Пару слов о концепции и названии фестиваля. Прангер — это позорный столб, к которому в средние века на несколько дней приковывали провинившихся граждан. За этим унизительным наказанием, однако, не следовал летальный исход, и само наказание оказывалось публичным осмеянием, а не чем-то более страшным и серьезным. Позорный столб — очень подходящий символ для поэтического фестиваля — хотя бы потому, что поэт всегда находится «на виду» благодаря своим стихам. Серия критических дискуссий и публичных бесед о стихах (жанр, совершенно отсутствующий в российской литературной жизни) способна сделать «позор» поэта неизбежным, так как для читателя не остается ничего, сокрытого пеленой искусства, и самые глубинные намерения поэта оказываются на поверхности. Разумеется, это идеальная ситуация: в действительности поэт всегда находит способ скрыть лишнее от посторонних глаз, однако разговор о стихах помогает поэту лучше понять, чем именно он занимается, а читателю найти подступы к пониманию его стихов.

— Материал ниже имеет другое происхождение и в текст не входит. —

lemma compactin_Cp_dual_common_support:
  assumes "t1_space X" "zero_dimensional X" and K: "compactin (Cp_dual X) K"
  shows "\<exists>F. finite F \<and> F \<subseteq> topspace X \<and> (\<forall>c\<in>K. supported_on X c F)"
proof -
  have KC: "K \<subseteq> Cp_characters X" using compactin_subset_topspace[OF K] by simp
  note S = char_support[OF assms(1,2)]
  define D where "D = (\<Union>c\<in>K. char_support X c)"
  have "D \<subseteq> topspace X" using S(2) KC by (auto simp: D_def)
  moreover have "supported_on X c D" if "c \<in> K" for c
  proof (rule supported_on_mono)
    show "supported_on X c (char_support X c)" using that KC S(3) by blast
    show "char_support X c \<subseteq> D" using that by (auto simp: D_def)
  qed
  moreover have "finite D"
  proof (rule ccontr)
    assume "infinite D"
    then obtain c :: "nat \<Rightarrow> ('a \<Rightarrow> int) \<Rightarrow> complex" and f :: "nat \<Rightarrow> 'a \<Rightarrow> int"
      where cf: "\<forall>n. c n \<in> K \<and> f n \<in> Cp_carrier X \<and> 1 \<le> cmod (c n (f n) - 1)"
      and null: "\<forall>x\<in>topspace X. finite {n. f n x \<noteq> 0}"
      using Cp_characters_far_from_one_on_null_sequence[OF assms(1,2) KC] unfolding D_def by blast
    have "\<exists>N. \<forall>n\<ge>N. \<forall>c\<in>K. cmod (c (f n) - 1) < 1"
      by (rule compactin_Cp_dual_uniform_on_null_sequence[OF assms]) (use cf null in auto)
    then obtain N where "\<forall>c\<in>K. cmod (c (f N) - 1) < 1" by blast
    moreover have "c N \<in> K" "1 \<le> cmod (c N (f N) - 1)" using cf by auto
    ultimately show False by fastforce
  qed
  ultimately show ?thesis by blast
qed

definition point_char :: "'a topology \<Rightarrow> 'a \<Rightarrow> real \<Rightarrow> ('a \<Rightarrow> int) \<Rightarrow> complex" where
  "point_char X x s = restrict (\<lambda>g. cis (s * of_int (g x))) (Cp_carrier X)"

lemma point_char_in_Cp_characters:
  assumes x: "x \<in> topspace X"
  shows "point_char X x s \<in> Cp_characters X"
proof -
  have "continuous_map (discrete_topology UNIV) (subtopology euclidean circle) (\<lambda>k::int. cis (s * of_int k))"
    by (simp add: circle_def)
  then have "continuous_map (Cp_top X) (subtopology euclidean circle) ((\<lambda>k. cis (s * of_int k)) \<circ> (\<lambda>g. g x))"
    using continuous_map_compose continuous_map_Cp_point_evaluation[OF x] by blast
  then have "continuous_map (Cp_top X) (subtopology euclidean circle) (point_char X x s)"
    by (rule continuous_map_eq) (simp add: point_char_def)
  then show ?thesis
    using x by (simp add: characters_def point_char_def cis_mult distrib_left)
qed

lemma Cp_eval_point_char:
  assumes "x \<in> topspace X" "g \<in> Cp_carrier X"
  shows "Cp_eval X g (point_char X x s) = cis (s * of_int (g x))"
proof -
  have "Cp_eval X g (point_char X x s) = point_char X x s g"
    using point_char_in_Cp_characters[OF assms(1)] by (simp add: evaluation_def)
  then show ?thesis using assms(2) by (simp add: point_char_def)
qed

Надо заметить, что, к сожалению, для русских участников дискуссионная программа оказалась сильно ограничена: все беседы, кроме тех, что непосредственно касались русских поэтов, велись на словенском языке, непонятном для гостей фестиваля (пожалуй, английский здесь был бы уместнее). На этих дискуссиях обсуждались новые книги таких словенских поэтов, как Иво Стропник, Кристина Хочевар, Янес Рамовеш, Милан Винцетич, Аленка Йовановски, Майя Видмар, Катя Горечан, Карло Хмеляк, Катя Плут, а также шла речь о том, что крайне актуально для поэзии всего мира — не только словенской, но и русской: прежде всего, взаимоотношение поэзии и идеологии, об общих проблемах перевода, взаимоотношении разных поэтических традиций и т.д. Представительные подборки словенских поэтов, участвующих в фестивале, были переведены Жанной Перковской и позволяли российским коллегам (в том числе, и автору этих строк) увидеть, насколько разнообразна словенская поэзия.
В наибольшей степени российских поэтов касалась дискуссия о переводной поэзии: модератором этой дискуссии выступил Борут Крашевец (наиболее известный в качестве переводчика романов Виктора Пелевина), предложивший русским участникам вопросы относительно стихотворной формы (и ее соблюдения в переводах), наличия иерархии в современной русской поэзии и т.п. В рамках этой дискуссии завязался довольно оживленный разговор: русские поэты говорили о том, что многие большие поэты старшего поколения (Аркадий Драгомощенко, Елена Шварц, Алексей Парщиков, Геннадий Айги и другие) в последние годы покинули этот мир, и в поэзии ощущается определенное зияние, связанное с их отсутствием. Несмотря на то, что в поколении сорока и пятидесятилетних множество прекрасных поэтов, их пока нельзя считать частью единого «пантеона»: эти авторы еще слишком активно вовлечены в текущий литературный процесс.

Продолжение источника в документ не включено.